Hence a polyhedron will have been constructed which is contained by $12$ regular pentagons.

This is then, by definition, a regular dodecahedron.

$\Box$

It is next to be demonstrated that this regular dodecahedron can be inscribed in the given sphere.

Let $XP$ be produced, and let the produced straight line be $XZ$.

Thereby $PZ$ meets the diameter of the cube.

$PZ$ and the diameter of the cube bisect one another.

Let them meet at $Z$.

Therefore $Z$ is the center of the sphere in which the cube is inscribed.

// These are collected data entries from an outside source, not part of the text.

lemma cplx_eigenvalue_2_iff:
  fixes A :: "real^2^2"
  shows "cplx_eigenvalue A l \<longleftrightarrow> l^2 - of_real (trace A) * l + of_real (det A) = 0"
proof -
  let ?M = "(\<chi> i j. complex_of_real (A$i$j)) - mat l"
  have "cplx_eigenvalue A l \<longleftrightarrow> (\<exists>v. v \<noteq> 0 \<and> ?M *v v = 0)"
    unfolding cplx_eigenvalue_def matrix_vector_mult_diff_rdistrib mat_vector_mult
    by (simp add: right_minus_eq)
  also have "\<dots> \<longleftrightarrow> det ?M = 0"
    by (rule det_eq_0_iff_nontrivial_kernel[symmetric])
  also have "det ?M = l^2 - of_real (trace A) * l + of_real (det A)"
    by (simp add: det_2 trace_def sum_2 mat_def power2_eq_square algebra_simps)
  finally show ?thesis .
qed


lemma cplx_eigenvalue_2_traceless:
  fixes A :: "real^2^2"
  assumes "trace A = 0" "det A = \<omega>^2"
  shows "cplx_eigenvalue A l \<longleftrightarrow> l = \<i> * of_real \<omega> \<or> l = - \<i> * of_real \<omega>"
proof -
  have "l^2 - of_real (trace A) * l + of_real (det A) = (l - \<i> * of_real \<omega>) * (l + \<i> * of_real \<omega>)"
    using assms by (simp add: algebra_simps power2_eq_square)
  then show ?thesis
    by (simp add: cplx_eigenvalue_2_iff eq_neg_iff_add_eq_0)
qed

lemma quadratic_form_pos:
  fixes b c u w :: real
  assumes "b^2 < c" "u \<noteq> 0 \<or> w \<noteq> 0"
  shows "c * u^2 - 2 * b * u * w + w^2 > 0"
proof -
  have eq: "c * u^2 - 2 * b * u * w + w^2 = (w - b * u)^2 + (c - b^2) * u^2"
    by (simp add: algebra_simps power2_eq_square)
  show ?thesis
  proof (cases "u = 0")
    case True
    then show ?thesis using assms(2) by simp
  next
    case False
    then have "(c - b^2) * u^2 > 0" using assms(1) by simp
    moreover have "(w - b * u)^2 \<ge> 0" by simp
    ultimately show ?thesis unfolding eq by linarith
  qed
qed

lemma lie_deriv_linear_quadratic_form:
  fixes J :: "real^2^2"
  shows "lie_deriv (\<lambda>z. J *v z) (\<lambda>z. \<alpha> * (z$1)^2 + \<beta> * (z$1) * (z$2) + \<gamma> * (z$2)^2) z =
    (2 * \<alpha> * z$1 + \<beta> * z$2) * (J$1$1 * z$1 + J$1$2 * z$2)
    + (\<beta> * z$1 + 2 * \<gamma> * z$2) * (J$2$1 * z$1 + J$2$2 * z$2)"
proof -
  have "((\<lambda>z::real^2. \<alpha> * (z$1)^2 + \<beta> * (z$1) * (z$2) + \<gamma> * (z$2)^2) has_derivative
      (\<lambda>h. (2 * \<alpha> * z$1 + \<beta> * z$2) * h$1 + (\<beta> * z$1 + 2 * \<gamma> * z$2) * h$2)) (at z)"
    by (rule derivative_eq_intros refl | simp)+ (simp add: algebra_simps)
  then show ?thesis
    by (simp add: has_derivative_imp_lie_deriv matrix_vector_mult_def sum_2)
qed

lemma quadratic_first_integrals_fhn_linearization:
  fixes J :: "real^2^2"
  assumes "J = vector [vector [b, -1], vector [c, -b]]"
  shows "(\<forall>z. lie_deriv (\<lambda>z. J *v z) (\<lambda>z. \<alpha> * (z$1)^2 + \<beta> * (z$1) * (z$2) + \<gamma> * (z$2)^2) z = 0)
    \<longleftrightarrow> (\<exists>t. \<alpha> = t * c \<and> \<beta> = - 2 * b * t \<and> \<gamma> = t)"
proof -
  have L: "lie_deriv (\<lambda>z. J *v z) (\<lambda>z. \<alpha> * (z$1)^2 + \<beta> * (z$1) * (z$2) + \<gamma> * (z$2)^2) z =
      (2*\<alpha>*b + \<beta>*c) * (z$1)^2 + (2*\<gamma>*c - 2*\<alpha>) * z$1 * z$2 - (\<beta> + 2*\<gamma>*b) * (z$2)^2" for z
    unfolding lie_deriv_linear_quadratic_form assms by (simp add: algebra_simps power2_eq_square)
  show ?thesis
  proof
    assume H: "\<forall>z. lie_deriv (\<lambda>z. J *v z) (\<lambda>z. \<alpha> * (z$1)^2 + \<beta> * (z$1) * (z$2) + \<gamma> * (z$2)^2) z = 0"
    have u2: "2*\<alpha>*b + \<beta>*c = 0" using H[rule_format, of "vector [1, 0]"] by (simp add: L)
    have w2: "\<beta> + 2*\<gamma>*b = 0" using H[rule_format, of "vector [0, 1]"] by (simp add: L)
    have uw: "2*\<gamma>*c - 2*\<alpha> = 0" using H[rule_format, of "vector [1, 1]"] u2 w2 by (simp add: L)
    show "\<exists>t. \<alpha> = t * c \<and> \<beta> = - 2 * b * t \<and> \<gamma> = t"
      using w2 uw by (intro exI[of _ \<gamma>]) (simp add: algebra_simps)
  next
    assume "\<exists>t. \<alpha> = t * c \<and> \<beta> = - 2 * b * t \<and> \<gamma> = t"
    then show "\<forall>z. lie_deriv (\<lambda>z. J *v z) (\<lambda>z. \<alpha> * (z$1)^2 + \<beta> * (z$1) * (z$2) + \<gamma> * (z$2)^2) z = 0"
      unfolding L by (auto simp: algebra_simps)
  qed
qed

Also, $ZP$ equals half the side of the cube.

Let $UZ$ be joined.

We have that:

$NS$ has been cut in extreme and mean ratio at $P$
$NP$ is the greater segment.
$NS^2 + SP^2 = 3 \cdot NP^2$

But:

$NP = PZ$

and:

$XP = PS$

and so:

$NS = XZ$

But as $PS = RP$:

$PS = XU$

Therefore:

$ZX^2 + XU^2 = 3 \cdot NP^2$

But:

$UZ^2 = ZX^2 + XU^2$

Therefore:

$UZ^2 = 3 \cdot NP^2$
the square on the diameter of the given sphere is three times the square on the side of the cube.

Therefore the square on the radius of the given sphere is three times the square on half the side of the cube.

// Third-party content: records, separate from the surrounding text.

(* Let $U$ be the set of positive integers $N$ for which there are no antipalindromic numbers $A,B$ with $N=A/B$. Then the lower density of $U$ satisfies $\liminf_{n\to\infty}\frac1n\,|U\cap\{1,\dots,n\}|\ge \frac1{60}$.
   Context: A positive integer $n$ is antipalindromic if its binary representation $w=w_1\cdots w_L$ (most significant digit first, no leading zeros) has even length $L$ and satisfies $w_i+w_{L+1-i}=1$ for all $i$. *)

theory Defs
  imports "HOL-Analysis.Analysis"
begin

definition bitlen :: "nat \<Rightarrow> nat" where
  "bitlen n = (LEAST L. n < 2 ^ L)"

definition bdigit :: "nat \<Rightarrow> nat \<Rightarrow> nat" where
  "bdigit n j = (n div 2 ^ j) mod 2"

text \<open>w_i = bdigit n (L - i) for i = 1..L (most significant first);
  the condition w_i + w_(L+1-i) = 1 becomes bdigit n j + bdigit n (L-1-j) = 1 for j < L.\<close>
definition antipalindromic :: "nat \<Rightarrow> bool" where
  "antipalindromic n \<longleftrightarrow> n > 0 \<and> even (bitlen n) \<and>
     (\<forall>i\<in>{1..bitlen n}. bdigit n (bitlen n - i) + bdigit n (bitlen n - (bitlen n + 1 - i)) = 1)"

definition U_set :: "nat set" where
  "U_set = {N. N > 0 \<and> \<not> (\<exists>A B. antipalindromic A \<and> antipalindromic B \<and> real N = real A / real B)}"

end

theory Submission
  imports Defs
begin

text \<open>Let an antipalindromic A be written as 2^t * u with u odd. Its lowest digit mirrors the
  leading 1, so t > 0; the t zeros at the bottom followed by the 1 at position t mirror to t ones
  at the top followed by a 0. Hence A / 2^(bitlen A) lies in [1 - 2^-t, 1 - 2^-(t+1)), and
  as t > 0 any two points of this interval have ratio less than 3/2. If A = N * B with N odd, then A and B
  have the same t, so N * 2^(bitlen B - bitlen A) lies in (2/3, 3/2). For odd N between
  3/2 * 4^p and 8/3 * 4^p this forces bitlen A - bitlen B = 2p + 1, contradicting that both
  lengths are even. The odd N strictly between 6 * 4^r and 10 * 4^r are of this kind, so U contains
  2 * 4^r numbers up to 10 * 4^r, which gives density at least 1/32.\<close>

lemma bitlen_bounds:
  assumes "0 < n"
  shows "n < 2 ^ bitlen n" "0 < bitlen n" "2 ^ (bitlen n - 1) \<le> n"
proof -
  show "n < 2 ^ bitlen n"
    unfolding bitlen_def by (rule LeastI[of _ n]) simp
  then show pos: "0 < bitlen n"
    using assms by (cases "bitlen n") auto
  have "\<not> n < 2 ^ (bitlen n - 1)"
    unfolding bitlen_def by (rule not_less_Least) (use pos in \<open>simp add: bitlen_def\<close>)
  then show "2 ^ (bitlen n - 1) \<le> n" by simp
qed

lemma bdigit_bitlen_top:
  assumes "0 < n"
  shows "bdigit n (bitlen n - 1) = 1"
proof -
  note bounds = bitlen_bounds[OF assms]
  have "(2::nat) ^ bitlen n = 2 * 2 ^ (bitlen n - 1)"
    using bounds(2) by (simp flip: power_Suc)
  then have "n div 2 ^ (bitlen n - 1) < 2"
    using bounds(1) by (simp add: div_less_iff_less_mult)
  moreover have "1 \<le> n div 2 ^ (bitlen n - 1)"
    using div_le_mono[OF bounds(3), of "2 ^ (bitlen n - 1)"] by simp
  ultimately show ?thesis
    unfolding bdigit_def by simp
qed

lemma bdigit_div_two_power: "bdigit (x div 2 ^ s) i = bdigit x (s + i)"
  unfolding bdigit_def by (simp add: div_mult2_eq power_add)

lemma bdigit_two_power_mult_below:
  assumes "j < t"
  shows "bdigit (2 ^ t * u) j = 0"
proof -
  have "(2::nat) ^ t = 2 ^ j * 2 ^ (t - j)"
    using assms by (simp flip: power_add)
  then have "2 ^ t * u div 2 ^ j = 2 ^ (t - j) * u"
    by simp
  then show ?thesis
    using assms unfolding bdigit_def by simp
qed

lemma bdigit_two_power_mult_odd:
  assumes "odd u"
  shows "bdigit (2 ^ t * u) t = 1"
  using assms unfolding bdigit_def by (simp add: odd_iff_mod_2_eq_one)

lemma antipalindromic_bdigit:
  assumes "antipalindromic A" "j < bitlen A"
  shows "bdigit A j + bdigit A (bitlen A - 1 - j) = 1"
proof -
  let ?L = "bitlen A"
  have "?L - j \<in> {1..?L}"
    using assms(2) by auto
  with assms(1) have "bdigit A (?L - (?L - j)) + bdigit A (?L - (?L + 1 - (?L - j))) = 1"
    unfolding antipalindromic_def by blast
  moreover have "?L - (?L - j) = j" "?L - (?L + 1 - (?L - j)) = ?L - 1 - j"
    using assms(2) by auto
  ultimately show ?thesis by simp
qed

lemma bdigits_one_imp_Suc_eq_two_power:
  "x < 2 ^ k \<Longrightarrow> (\<forall>i<k. bdigit x i = 1) \<Longrightarrow> x + 1 = 2 ^ k"
proof (induction k arbitrary: x)
  case 0
  then show ?case by simp
next
  case (Suc k)
  have "x div 2 + 1 = 2 ^ k"
  proof (rule Suc.IH)
    show "x div 2 < 2 ^ k"
      using Suc.prems(1) by simp
    show "\<forall>i<k. bdigit (x div 2) i = 1"
      using Suc.prems(2) bdigit_div_two_power[of x 1] by simp
  qed
  moreover have "x mod 2 = 1"
    using Suc.prems(2) unfolding bdigit_def by auto
  then have "x + 1 = 2 * (x div 2 + 1)"
    by presburger
  with \<open>x div 2 + 1 = 2 ^ k\<close> show ?case
    by simp
qed

text \<open>The last claim says that the leading t + 1 digits of A are t ones followed by a zero.\<close>

lemma antipalindromic_leading_bdigits:
  assumes ap: "antipalindromic A" and A: "A = 2 ^ t * u" and u: "odd u"
  shows "0 < t" "t < bitlen A" "A div 2 ^ (bitlen A - (t + 1)) + 2 = 2 ^ (t + 1)"
proof -
  let ?L = "bitlen A"
  have pos: "0 < A"
    using ap unfolding antipalindromic_def by simp
  note bounds = bitlen_bounds[OF pos]
  have "(2::nat) ^ t \<le> A"
    using A u by (cases u) auto
  then show t_less: "t < ?L"
    using bounds(1) by (meson le_less_trans nat_power_less_imp_less pos2)
  have "bdigit A 0 = 0"
    using antipalindromic_bdigit[OF ap bounds(2)] bdigit_bitlen_top[OF pos] by simp
  then show "0 < t"
    using bdigit_two_power_mult_odd[OF u, of 0] A by (cases t) auto
  define s where "s = ?L - (t + 1)"
  have L: "?L = s + 1 + t"
    unfolding s_def using t_less by simp
  define q where "q = A div 2 ^ s"
  have "q div 2 + 1 = 2 ^ t"
  proof (rule bdigits_one_imp_Suc_eq_two_power)
    have "A < 2 ^ (s + 1) * 2 ^ t"
      using bounds(1) L by (simp add: power_add)
    then show "q div 2 < 2 ^ t"
      unfolding q_def by (simp add: div_mult2_eq div_less_iff_less_mult mult_ac)
    show "\<forall>i<t. bdigit (q div 2) i = 1"
    proof (intro allI impI)
      fix i assume "i < t"
      then have "bdigit A (s + 1 + i) + bdigit A (t - 1 - i) = 1"
        using antipalindromic_bdigit[OF ap, of "s + 1 + i"] L by simp
      moreover have "bdigit A (t - 1 - i) = 0"
        using bdigit_two_power_mult_below \<open>i < t\<close> A by simp
      moreover have "q div 2 = A div 2 ^ (s + 1)"
        unfolding q_def by (metis div_mult2_eq power_Suc2 Suc_eq_plus1)
      ultimately show "bdigit (q div 2) i = 1"
        using bdigit_div_two_power[of A "s + 1" i] by simp
    qed
  qed
  moreover have "q mod 2 = 0"
  proof -
    have "bdigit A s + bdigit A t = 1"
      using antipalindromic_bdigit[OF ap, of s] L by simp
    then show ?thesis
      using bdigit_two_power_mult_odd[OF u, of t] A unfolding q_def bdigit_def by simp
  qed
  then have "q + 2 = 2 * (q div 2 + 1)"
    by presburger
  ultimately have "q + 2 = 2 ^ (t + 1)"
    by simp
  then show "A div 2 ^ (?L - (t + 1)) + 2 = 2 ^ (t + 1)"
    unfolding q_def s_def .
qed

lemma antipalindromic_mantissa_bounds:
  assumes "antipalindromic A" "A = 2 ^ t * u" "odd u"
  shows "2 ^ (t + 1) * 2 ^ bitlen A \<le> 2 ^ (t + 1) * A + 2 * 2 ^ bitlen A"
    and "2 ^ (t + 1) * A + 2 ^ bitlen A < 2 ^ (t + 1) * 2 ^ bitlen A"
proof -
  note lead = antipalindromic_leading_bdigits[OF assms]
  define T where "T = (2::nat) ^ (t + 1)"
  define a where "a = (2::nat) ^ (bitlen A - (t + 1))"
  have "bitlen A = (t + 1) + (bitlen A - (t + 1))"
    using lead(2) by simp
  then have L: "2 ^ bitlen A = T * a"
    unfolding T_def a_def by (metis power_add)
  have "T * a = A div a * a + 2 * a"
    using lead(3) unfolding T_def a_def by (metis add_mult_distrib)
  moreover have "A div a * a + A mod a = A"
    by (rule div_mult_mod_eq)
  moreover have "A mod a < a"
    unfolding a_def by simp
  ultimately have "T * a \<le> A + 2 * a" "A + a < T * a"
    by linarith+
  then have "T * (T * a) \<le> T * (A + 2 * a)" "T * (A + a) < T * (T * a)"
    unfolding T_def by simp_all
  then have "T * (T * a) \<le> T * A + 2 * (T * a)" "T * A + T * a < T * (T * a)"
    by (simp_all add: algebra_simps)
  then show "2 ^ (t + 1) * 2 ^ bitlen A \<le> 2 ^ (t + 1) * A + 2 * 2 ^ bitlen A"
    and "2 ^ (t + 1) * A + 2 ^ bitlen A < 2 ^ (t + 1) * 2 ^ bitlen A"
    unfolding L T_def[symmetric] by simp_all
qed

lemma antipalindromic_same_valuation_ratio:
  assumes A: "antipalindromic A" "A = 2 ^ t * u" "odd u"
    and B: "antipalindromic B" "B = 2 ^ t * v" "odd v"
  shows "2 * A * 2 ^ bitlen B < 3 * B * 2 ^ bitlen A"
proof -
  define T where "T = (2::nat) ^ (t + 1)"
  define X where "X = (2::nat) ^ bitlen A"
  define Y where "Y = (2::nat) ^ bitlen B"
  have "(2::nat) ^ 2 \<le> T"
    unfolding T_def using antipalindromic_leading_bdigits(1)[OF A]
    by (intro power_increasing) simp_all
  then have T: "4 * (X * Y) \<le> T * (X * Y)"
    by simp
  have "T * A + X < T * X"
    using antipalindromic_mantissa_bounds(2)[OF A] unfolding T_def X_def .
  then have "(T * A + X) * Y < T * X * Y"
    unfolding Y_def by (rule mult_less_mono1) simp
  then have upper: "T * A * Y + X * Y < T * (X * Y)"
    by (simp add: algebra_simps)
  have "T * Y \<le> T * B + 2 * Y"
    using antipalindromic_mantissa_bounds(1)[OF B] unfolding T_def Y_def .
  then have "T * Y * X \<le> (T * B + 2 * Y) * X"
    by (rule mult_le_mono1)
  then have lower: "T * (X * Y) \<le> T * B * X + 2 * (X * Y)"
    by (simp add: algebra_simps)
  from T upper lower have "2 * (T * A * Y) < 3 * (T * B * X)"
    by linarith
  then show ?thesis
    unfolding X_def Y_def by (simp add: algebra_simps)
qed

lemma antipalindromic_odd_multiple_bitlen:
  assumes A: "antipalindromic A" and B: "antipalindromic B" and AB: "A = N * B" and N: "odd N"
  shows "2 * N * 2 ^ bitlen B < 3 * 2 ^ bitlen A"
    and "2 * 2 ^ bitlen A < 3 * N * 2 ^ bitlen B"
proof -
  have "0 < B"
    using B unfolding antipalindromic_def by simp
  define t where "t = multiplicity 2 B"
  define v where "v = B div 2 ^ t"
  have B_eq: "B = 2 ^ t * v"
    unfolding v_def t_def by (simp add: multiplicity_dvd)
  have v: "odd v"
    using multiplicity_decompose[of B 2] \<open>0 < B\<close> unfolding v_def t_def by simp
  have A_eq: "A = 2 ^ t * (N * v)"
    using AB B_eq by simp
  have Nv: "odd (N * v)"
    using N v by simp
  have "B * (2 * N * 2 ^ bitlen B) < B * (3 * 2 ^ bitlen A)"
    using antipalindromic_same_valuation_ratio[OF A A_eq Nv B B_eq v] AB
    by (simp add: algebra_simps)
  then show "2 * N * 2 ^ bitlen B < 3 * 2 ^ bitlen A"
    by simp
  have "B * (2 * 2 ^ bitlen A) < B * (3 * N * 2 ^ bitlen B)"
    using antipalindromic_same_valuation_ratio[OF B B_eq v A A_eq Nv] AB
    by (simp add: algebra_simps)
  then show "2 * 2 ^ bitlen A < 3 * N * 2 ^ bitlen B"
    by simp
qed

lemma odd_in_U_set:
  fixes N p :: nat
  assumes N: "odd N" and lower: "3 * 4 ^ p \<le> 2 * N" and upper: "3 * N \<le> 8 * 4 ^ p"
  shows "N \<in> U_set"
proof -
  have "\<not> (antipalindromic A \<and> antipalindromic B \<and> real N = real A / real B)" for A B
  proof
    assume H: "antipalindromic A \<and> antipalindromic B \<and> real N = real A / real B"
    then have A: "antipalindromic A" and B: "antipalindromic B"
      by auto
    then have "0 < B"
      unfolding antipalindromic_def by simp
    with H have "A = N * B"
      by (simp add: field_simps flip: of_nat_mult)
    note bounds = antipalindromic_odd_multiple_bitlen[OF A B this N]
    have two_power_low: "4 ^ p * 2 ^ bitlen B = (2::nat) ^ (2 * p + bitlen B)"
      and two_power_high: "4 * 4 ^ p * 2 ^ bitlen B = (2::nat) ^ (2 * p + bitlen B + 2)"
      by (simp_all add: power_add power_mult)
    have "3 * 4 ^ p * 2 ^ bitlen B \<le> 2 * N * 2 ^ bitlen B"
      using lower by simp
    with bounds(1) have "4 ^ p * 2 ^ bitlen B < (2::nat) ^ bitlen A"
      by linarith
    then have "2 * p + bitlen B < bitlen A"
      unfolding two_power_low by simp
    have "3 * N * 2 ^ bitlen B \<le> 8 * 4 ^ p * 2 ^ bitlen B"
      using upper by simp
    with bounds(2) have "2 ^ bitlen A < 4 * 4 ^ p * (2::nat) ^ bitlen B"
      by linarith
    then have "bitlen A < 2 * p + bitlen B + 2"
      using power_strict_increasing_iff[of "2::nat" "bitlen A" "2 * p + bitlen B + 2"]
      unfolding two_power_high by simp
    with \<open>2 * p + bitlen B < bitlen A\<close> have "bitlen A = 2 * p + bitlen B + 1"
      by simp
    moreover have "even (bitlen A)" "even (bitlen B)"
      using A B unfolding antipalindromic_def by simp_all
    ultimately show False
      by simp
  qed
  moreover have "0 < N"
    using N by (cases N) simp_all
  ultimately show ?thesis
    unfolding U_set_def by blast
qed

lemma card_U_set_four_power: "2 * 4 ^ r \<le> card (U_set \<inter> {1..10 * 4 ^ r})"
proof -
  let ?odds = "(\<lambda>i. 6 * 4 ^ r + 2 * i + 1 :: nat) ` {..<2 * 4 ^ r}"
  have "?odds \<subseteq> U_set \<inter> {1..10 * 4 ^ r}"
  proof
    fix N assume "N \<in> ?odds"
    then obtain i where i: "i < 2 * 4 ^ r" and N: "N = 6 * 4 ^ r + 2 * i + 1"
      by blast
    have "N \<in> U_set"
      by (rule odd_in_U_set[of N "r + 1"]) (use i N in simp_all)
    then show "N \<in> U_set \<inter> {1..10 * 4 ^ r}"
      using i N by simp
  qed
  moreover have "card ?odds = 2 * 4 ^ r"
    by (simp add: card_image inj_on_def)
  ultimately show ?thesis
    by (metis card_mono finite_Int finite_atLeastAtMost)
qed

lemma card_U_set_lower_bound:
  assumes "16 \<le> n"
  shows "n < 32 * card (U_set \<inter> {1..n})"
proof -
  have "1 \<le> n div 16"
    using assms by simp
  then obtain r where r: "4 ^ r \<le> n div 16" "n div 16 < 4 ^ (r + 1)"
    using ex_power_ivl1[of 4 "n div 16"] by auto
  then have "10 * 4 ^ r \<le> n"
    by linarith
  then have "card (U_set \<inter> {1..10 * 4 ^ r}) \<le> card (U_set \<inter> {1..n})"
    by (intro card_mono) auto
  moreover have "n < 64 * 4 ^ r"
    using r(2) by simp
  ultimately show ?thesis
    using card_U_set_four_power[of r] by linarith
qed

theorem corollary19:
  shows "liminf (\<lambda>n. ereal (real (card (U_set \<inter> {1..n})) / real n)) \<ge> ereal (1/60)"
proof (rule Liminf_bounded)
  show "\<forall>\<^sub>F n in sequentially. ereal (1/60) \<le> ereal (real (card (U_set \<inter> {1..n})) / real n)"
  proof (rule eventually_sequentiallyI)
    fix n :: nat
    assume "16 \<le> n"
    then show "ereal (1/60) \<le> ereal (real (card (U_set \<inter> {1..n})) / real n)"
      using card_U_set_lower_bound[of n] by (simp add: field_simps)
  qed
qed

end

Therefore $UZ$ equals the radius of the given sphere.

We have that $Z$ is the center of the sphere.

Therefore $U$ is on the surface of the sphere.

Similarly we can show that each of the remaining vertices of the dodecahedron is also on the surface of the sphere.

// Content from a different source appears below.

(* For every integer $k\geq 3$, there is a deterministic distributed dynamic data structure for $k$-clique membership listing which handles edge insertions and deletions in $O(1)$ amortized rounds.
   Context: Highly dynamic network model: a synchronous network on a fixed set $V$ of $n$ nodes with unique identifiers starts as the empty graph; at the beginning of round $i$ the graph is $G_i=(V,E_i)$, obtained from the previous graph by an adversary inserting and/or deleting an arbitrary (unbounded) set of edges. At the start of each round every node is notified only of the insertions/deletions of edges incident to it; then each node may send a message of $O(\log n)$ bits to each of its current neighbors. A distributed dynamic data structure consists of a local part $DS_v$ at each node $v$; at the end of every round, $DS_v$ may be queried and must answer immediately, without any further communication, either with a correct answer to the query or with $\texttt{inconsistent}$. The amortized round complexity is at most $c$ if for every round $i$, the number of rounds up to round $i$ in which at least one node $v$ has $DS_v$ in an inconsistent state, divided by the total number of topology changes that occurred up to round $i$, is at most $c$. $k$-clique membership listing: $DS_v$ at each node $v$ must respond at the end of round $i$ to a query consisting of a $k$-element node set $\{v_1,\dots,v_k\}$ containing $v$ with $\texttt{true}$ if it forms a $k$-clique in $G_i$, $\texttt{false}$ if it does not, or $\texttt{inconsistent}$. *)

theory Defs
  imports Complex_Main
begin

Therefore the dodecahedron has been inscribed within the sphere.

$\Box$

It remains to be demonstrated that the side of the dodecahedron is the irrational straight line called apotome.

We have that:

$NP$ has been cut in extreme and mean ratio at $R$
$RP$ is the greater segment

and that:

$PO$ has been cut in extreme and mean ratio at $S$
$PS$ is the greater segment

We have that:

$N : PR = PR : RN$
the same is true of the doubles also.

Therefore:

$NO : RS = RS : NR + SO$

But:

$NO > RS$

Therefore:

$RS > NR + SO$

Therefore $NO$ is cut in extreme and mean ratio, and $RS$ is the greater segment.

But:

$RS = UV$

Therefore when $NO$ is cut in extreme and mean ratio, $UV$ equals the greater segment.

We have that the diameter of the given sphere is rational.

We also have that the square on the diameter equals three times the square on side of the cube.

Therefore $NO$, which equals the side of the cube, is rational.

$UV$ is therefore an apotome.

But $UV$ is the side of the dodecahedron.

Therefore the side of the dodecahedron is an apotome.

$\blacksquare$

## Historical Note

This proof is Proposition $17$ of Book $\text{XIII}$ of Euclid's The Elements.
Some sources credit this construction to Hippasus of Metapontum. Others credit it to Theaetetus of Athens.